Sir: Further to our ever-so-brief discussions to financial matters, in 2016 our office prepared a 46-page overview report describing the annual operational costs of our 444 provincial jurisdictions (about $55 billion) and presented the same to the house finance committee.

We showed a potential of up to $20 billion in annual savings without laying off people or cutting services. Such savings would be initiated through amendments to some current legislation that would allow our provincial Auditor General, based on responsible criteria, to perform a Level Lne, Level Two and Level Three audit review of local governments.

You are aware our constitution gives exclusive jurisdiction to Queen’s Park to oversee municipal management.  The essence of “people behavior” is to get as much as possible and in a number of cases to unnecessarily create a financial atmosphere by local governments that would portray to the province the need for more and more cash is unequivocally imperative, when it is not.

Our office has been and will continue to provide you with salient managerial issues involving local governments that such issues continue to unnecessarily contribute to ongoing deficits and to our overall debt.

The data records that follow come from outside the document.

lemma markov_q_aux: "markov q (uc 1) (\<lambda>w. (uc 0 w, xc w)) (uc 2)"
  unfolding markov_def
proof (intro allI)
  fix b c :: nat and v :: "nat \<times> 'x"
  obtain a x where v: "v = (a, x)" by (cases v)
  have "prob q (\<lambda>w. (uc 1 w, (uc 0 w, xc w), uc 2 w)) (b, v, c) = K ((a, b, c), x)"
    unfolding prob_q_aux_src[symmetric] v by (rule prob_cong) (auto simp: uc_simps xc_def prod_eq_iff)
  moreover have "prob q (\<lambda>w. (uc 1 w, (uc 0 w, xc w))) (b, v) = Q1 (a, b, x)"
    unfolding prob_q_Q1[symmetric] v by (rule prob_cong) auto
  moreover have "prob q (\<lambda>w. ((uc 0 w, xc w), uc 2 w)) (v, c) = Q2 (a, c, x)"
    unfolding prob_q_Q2[symmetric] v by (rule prob_cong) auto
  moreover have "K ((a, b, c), x) * Q0 (a, x) = Q1 (a, b, x) * Q2 (a, c, x)"
    using Q1_nonzero[of a b x] by (cases "Q0 (a, x) = 0") (auto simp: K_def)
  ultimately show "prob q (\<lambda>w. (uc 1 w, (uc 0 w, xc w), uc 2 w)) (b, v, c) * prob q (\<lambda>w. (uc 0 w, xc w)) v =
      prob q (\<lambda>w. (uc 1 w, (uc 0 w, xc w))) (b, v) * prob q (\<lambda>w. ((uc 0 w, xc w), uc 2 w)) (v, c)"
    using prob_q_Q0 v by simp
qed

end

lemma exists_ci_coupling:
  fixes p :: "(nat \<times> nat \<times> nat) \<times> 'x::finite \<times> 'y1::finite \<times> 'y2::finite \<Rightarrow> real"
  assumes dp: "is_dist p" and mk: "markov p fst xc (\<lambda>w. (y1c w, y2c w))"
  obtains q where "is_dist q" "prob q snd = prob p snd" "markov q fst xc (\<lambda>w. (y1c w, y2c w))"
    "markov q (uc 1) (\<lambda>w. (uc 0 w, xc w)) (uc 2)"
    "prob q (\<lambda>w. ((uc 0 w, uc 1 w), xc w, y1c w)) = prob p (\<lambda>w. ((uc 0 w, uc 1 w), xc w, y1c w))"
    "prob q (\<lambda>w. ((uc 0 w, uc 2 w), xc w, y2c w)) = prob p (\<lambda>w. ((uc 0 w, uc 2 w), xc w, y2c w))"
proof -
  interpret ci_coupling p by (rule ci_coupling.intro[OF dp])
  have snd: "prob q snd = prob p snd" by (simp add: prob_q_snd PS_def)
  have side: "prob q (\<lambda>w. (xc w, y1c w)) = prob p (\<lambda>w. (xc w, y1c w))"
    "prob q (\<lambda>w. (xc w, y2c w)) = prob p (\<lambda>w. (xc w, y2c w))"
    using prob_comp_eq[OF dist_q dp snd, of "\<lambda>s. (fst s, fst (snd s))"]
      prob_comp_eq[OF dist_q dp snd, of "\<lambda>s. (fst s, snd (snd s))"]
    by (simp_all add: xc_def y1c_def y2c_def)
  have "prob q (\<lambda>w. (uc 0 w, uc 1 w, xc w)) = prob p (\<lambda>w. (uc 0 w, uc 1 w, xc w))"
    "prob q (\<lambda>w. (uc 0 w, uc 2 w, xc w)) = prob p (\<lambda>w. (uc 0 w, uc 2 w, xc w))"
    by (simp_all only: prob_q_Q1 prob_q_Q2 Q1_def Q2_def)
  from this[THEN prob_comp_eq[OF dist_q dp], of "\<lambda>(a, b, x). ((a, b), x)"]
  have aux: "prob q (\<lambda>w. ((uc 0 w, uc 1 w), xc w)) = prob p (\<lambda>w. ((uc 0 w, uc 1 w), xc w))"
    "prob q (\<lambda>w. ((uc 0 w, uc 2 w), xc w)) = prob p (\<lambda>w. ((uc 0 w, uc 2 w), xc w))"
    by simp_all
  have "markov q (\<lambda>w. (uc 0 w, uc 1 w)) xc y1c" "markov p (\<lambda>w. (uc 0 w, uc 1 w)) xc y1c"
    "markov q (\<lambda>w. (uc 0 w, uc 2 w)) xc y2c" "markov p (\<lambda>w. (uc 0 w, uc 2 w)) xc y2c"
    by (rule markov_aux_src_side[OF dist_q markov_q] markov_aux_src_side[OF dp mk]; simp add: uc_def)+
  from markov_prob_eq[OF dist_q dp this(1,2) aux(1) side(1)]
    markov_prob_eq[OF dist_q dp this(3,4) aux(2) side(2)]
  show ?thesis by (intro that[OF dist_q snd markov_q markov_q_aux]) simp_all
qed

section \<open>Decoding the common description first\<close>

text \<open>In the ordering \<open>[{1, 2}, {1}, {2}]\<close>, position 0 holds \<open>U\<^sub>1\<^sub>2\<close> and position \<open>l\<close> holds \<open>U\<^sub>l\<close>.\<close>

definition bin_rate :: "((nat \<times> nat \<times> nat) \<times> 'x \<times> 'y1 \<times> 'y2 \<Rightarrow> real) \<Rightarrow> nat \<Rightarrow> real" where
  "bin_rate q j =
    (if j = 0 then min (mutual_info q (uc 0) y1c) (mutual_info q (uc 0) y2c)
     else if j = 1 then mutual_info q (uc 1) (\<lambda>w. (uc 0 w, y1c w))
     else mutual_info q (uc 2) (\<lambda>w. (uc 0 w, y2c w)))"

definition rate :: "((nat \<times> nat \<times> nat) \<times> 'x \<times> 'y1 \<times> 'y2 \<Rightarrow> real) \<Rightarrow> nat \<Rightarrow> real" where
  "rate q j = mutual_info q (\<lambda>w. (xc w, usub {..<j} w)) (uc j) - bin_rate q j"

lemma bin_rate_nonneg: "is_dist q \<Longrightarrow> 0 \<le> bin_rate q j"
  unfolding bin_rate_def by (simp add: mutual_info_nonneg)

lemma rate_0:
  assumes dq: "is_dist q" and mk: "markov q fst xc (\<lambda>w. (y1c w, y2c w))"
  shows "rate q 0 = max (cond_mutual_info q xc (uc 0) y1c) (cond_mutual_info q xc (uc 0) y2c)"
proof -
  let ?v = "usub {..<0}"
  have "markov q (\<lambda>w. (?v w, uc 0 w)) xc y1c" "markov q (\<lambda>w. (?v w, uc 0 w)) xc y2c"
    "markov q ?v xc y1c" "markov q ?v xc y2c"
    by (rule markov_aux_src_side[OF dq mk]; simp add: uc_def usub_def)+
  then have "mutual_info q (\<lambda>w. (xc w, ?v w)) (uc 0) - mutual_info q (uc 0) (\<lambda>w. (?v w, y1c w)) =
      cond_mutual_info q xc (uc 0) (\<lambda>w. (?v w, y1c w))"
    "mutual_info q (\<lambda>w. (xc w, ?v w)) (uc 0) - mutual_info q (uc 0) (\<lambda>w. (?v w, y2c w)) =
      cond_mutual_info q xc (uc 0) (\<lambda>w. (?v w, y2c w))"
    by (simp_all add: markov_mutual_info_diff[OF dq])
  moreover have "mutual_info q (uc 0) (\<lambda>w. (?v w, y1c w)) = mutual_info q (uc 0) y1c"
    "mutual_info q (uc 0) (\<lambda>w. (?v w, y2c w)) = mutual_info q (uc 0) y2c"
    "cond_mutual_info q xc (uc 0) (\<lambda>w. (?v w, y1c w)) = cond_mutual_info q xc (uc 0) y1c"
    "cond_mutual_info q xc (uc 0) (\<lambda>w. (?v w, y2c w)) = cond_mutual_info q xc (uc 0) y2c"
    by (rule mutual_info_cong[OF dq] cond_mutual_info_cong[OF dq]; simp add: usub_def)+
  ultimately show ?thesis unfolding rate_def bin_rate_def by (simp add: max_def min_def)
qed

lemma rate_1:
  assumes dq: "is_dist q" and mk: "markov q fst xc (\<lambda>w. (y1c w, y2c w))"
  shows "rate q 1 = cond_mutual_info q xc (uc 1) (\<lambda>w. (uc 0 w, y1c w))"
proof -
  have mk1: "markov q (\<lambda>w. (uc 0 w, uc 1 w)) xc y1c" "markov q (uc 0) xc y1c"
    by (rule markov_aux_src_side[OF dq mk]; simp add: uc_def)+
  have "mutual_info q (\<lambda>w. (xc w, usub {..<1} w)) (uc 1) = mutual_info q (\<lambda>w. (xc w, uc 0 w)) (uc 1)"
    by (rule mutual_info_cong[OF dq]) (auto simp: usub_eq_iff)
  then show ?thesis
    unfolding rate_def bin_rate_def
    using markov_mutual_info_diff[OF dq mk1]
    by simp
qed
theorem mainTheorem7:
  fixes r :: nat and v :: "nat \<Rightarrow> real^'n"
  assumes "r \<ge> 2" and "regular_simplex v"
  shows "\<exists>\<epsilon>0>0. \<forall>\<epsilon>. 0 < \<epsilon> \<and> \<epsilon> < \<epsilon>0 \<longrightarrow>
    (\<forall>U :: nat \<Rightarrow> (real^'n) set. \<forall>A.
       (\<forall>h\<in>{1..CARD('n)+1}. finite (U h) \<and> card (U h) = r - 1 \<and> U h \<subseteq> cball (v h) \<epsilon>) \<longrightarrow>
       A = insert (simplex_centre v) (\<Union>h\<in>{1..CARD('n)+1}. U h) \<longrightarrow>
       alg_indep_rat (A \<times> UNIV) (\<lambda>(x, i). x $ i) \<longrightarrow>
       \<not> (\<exists>P z \<alpha>. proper_partition r A P \<and>
             (\<forall>j\<in>{1..r}. z = (\<Sum>x\<in>P j. \<alpha> x *\<^sub>R x) \<and> (\<Sum>x\<in>P j. \<alpha> x) = 1) \<and>
             \<alpha> (simplex_centre v) < 0 \<and>
             (\<forall>x\<in>A - {simplex_centre v}. \<alpha> x > 0)))"
proof -
  define c where "c = simplex_centre v"
  define I where "I = {1..CARD('n)+1}"
  obtain \<epsilon>0 where \<epsilon>0: "\<epsilon>0 > 0" and near: "\<And>k h x \<epsilon>. k \<in> I \<Longrightarrow> h \<in> I \<Longrightarrow> h \<noteq> k \<Longrightarrow>
      \<epsilon> < \<epsilon>0 \<Longrightarrow> dist x (v h) \<le> \<epsilon> \<Longrightarrow> (v k - c) \<bullet> (x - c) < 0"
    using regular_simplex_near_vertex_inner_neg[OF assms(2), folded c_def I_def] by blast
  have sum_I: "sum (\<lambda>h. v h - c) I = 0"
    using sum_vertices_minus_centre[of v] by (simp add: c_def I_def)
  show ?thesis
  proof (intro exI[of _ \<epsilon>0] conjI allI impI notI \<epsilon>0, elim exE conjE)
    fix \<epsilon> :: real and U :: "nat \<Rightarrow> (real^'n) set" and A P z \<alpha>
    assume \<epsilon>: "\<epsilon> < \<epsilon>0"
      and U: "\<forall>h\<in>{1..CARD('n)+1}. finite (U h) \<and> card (U h) = r - 1 \<and> U h \<subseteq> cball (v h) \<epsilon>"
      and A: "A = insert (simplex_centre v) (\<Union>h\<in>{1..CARD('n)+1}. U h)"
      and P: "proper_partition r A P"
      and comb: "\<forall>j\<in>{1..r}. z = (\<Sum>x\<in>P j. \<alpha> x *\<^sub>R x) \<and> (\<Sum>x\<in>P j. \<alpha> x) = 1"
      and \<alpha>: "\<alpha> (simplex_centre v) < 0" "\<forall>x\<in>A - {simplex_centre v}. \<alpha> x > 0"
    have sep: "(v k - c) \<bullet> (x - c) < 0" if "h \<in> I" "k \<in> I" "h \<noteq> k" "x \<in> U h" for h k x
    proof -
      have "x \<in> cball (v h) \<epsilon>" using U that(1,4) unfolding I_def by blast
      then have "dist x (v h) \<le> \<epsilon>" by (simp add: dist_commute)
      then show ?thesis by (rule near[OF that(2,1,3) \<epsilon>])
    qed
    have small: "finite (U h) \<and> card (U h) < card {1..r}" if "h \<in> I" for h
      using U that assms(1) by (auto simp: I_def)
    have cover: "(\<Union>j\<in>{1..r}. P j) \<subseteq> insert c (\<Union>h\<in>I. U h)"
      and disj: "\<And>i j. i \<in> {1..r} \<Longrightarrow> j \<in> {1..r} \<Longrightarrow> i \<noteq> j \<Longrightarrow> P i \<inter> P j = {}"
      and fin: "\<And>j. j \<in> {1..r} \<Longrightarrow> finite (P j)"
      using P unfolding proper_partition_def A c_def I_def by blast+
    have comb': "\<And>j. j \<in> {1..r} \<Longrightarrow> z = (\<Sum>x\<in>P j. \<alpha> x *\<^sub>R x) \<and> sum \<alpha> (P j) = 1"
      using comb by blast
    have \<alpha>': "\<alpha> c \<le> 0" "\<And>x. x \<in> (\<Union>h\<in>I. U h) - {c} \<Longrightarrow> 0 < \<alpha> x"
      using \<alpha> unfolding A c_def I_def by auto
    have "finite I" "I \<noteq> {}" by (auto simp: I_def)
    from no_common_point_of_parts_avoiding_clusters[OF this sum_I sep small cover disj fin comb' \<alpha>']
    show False .
  qed
qed

end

One of our proposed amendments focuses on the office of our Information and Privacy Commissioner, process, procedure and compliance legislation that currently allows escape hatches by local government institutions and that which unnecessarily exhaust time and unnecessarily increase workloads of our IPC analysts and adjudicators ultimately vacuuming IPC budget money in a manner that cannot allow the IPC to fulfill the full scope of the mandate and role of the IPC office as legislated resulting in shortchanging the taxpayers in effective services from the IPC and jeopardizing much-needed investigative services personnel at the IPC.

The Information and Privacy Commissioner’s office and the Ombudsman office are the only two entities taxpayers and the public at large have and must rely upon for government openness, transparency and subsequent accountability. The Ombudsman office does not yet possess enforcement power but none the less is a valuable taxpayer asset; the IPC has the enforcement backing but is being made a mockery of by local governments, which has to be addressed.

Our office is compiling an agenda of imperative issues and will request a sit down to discuss same.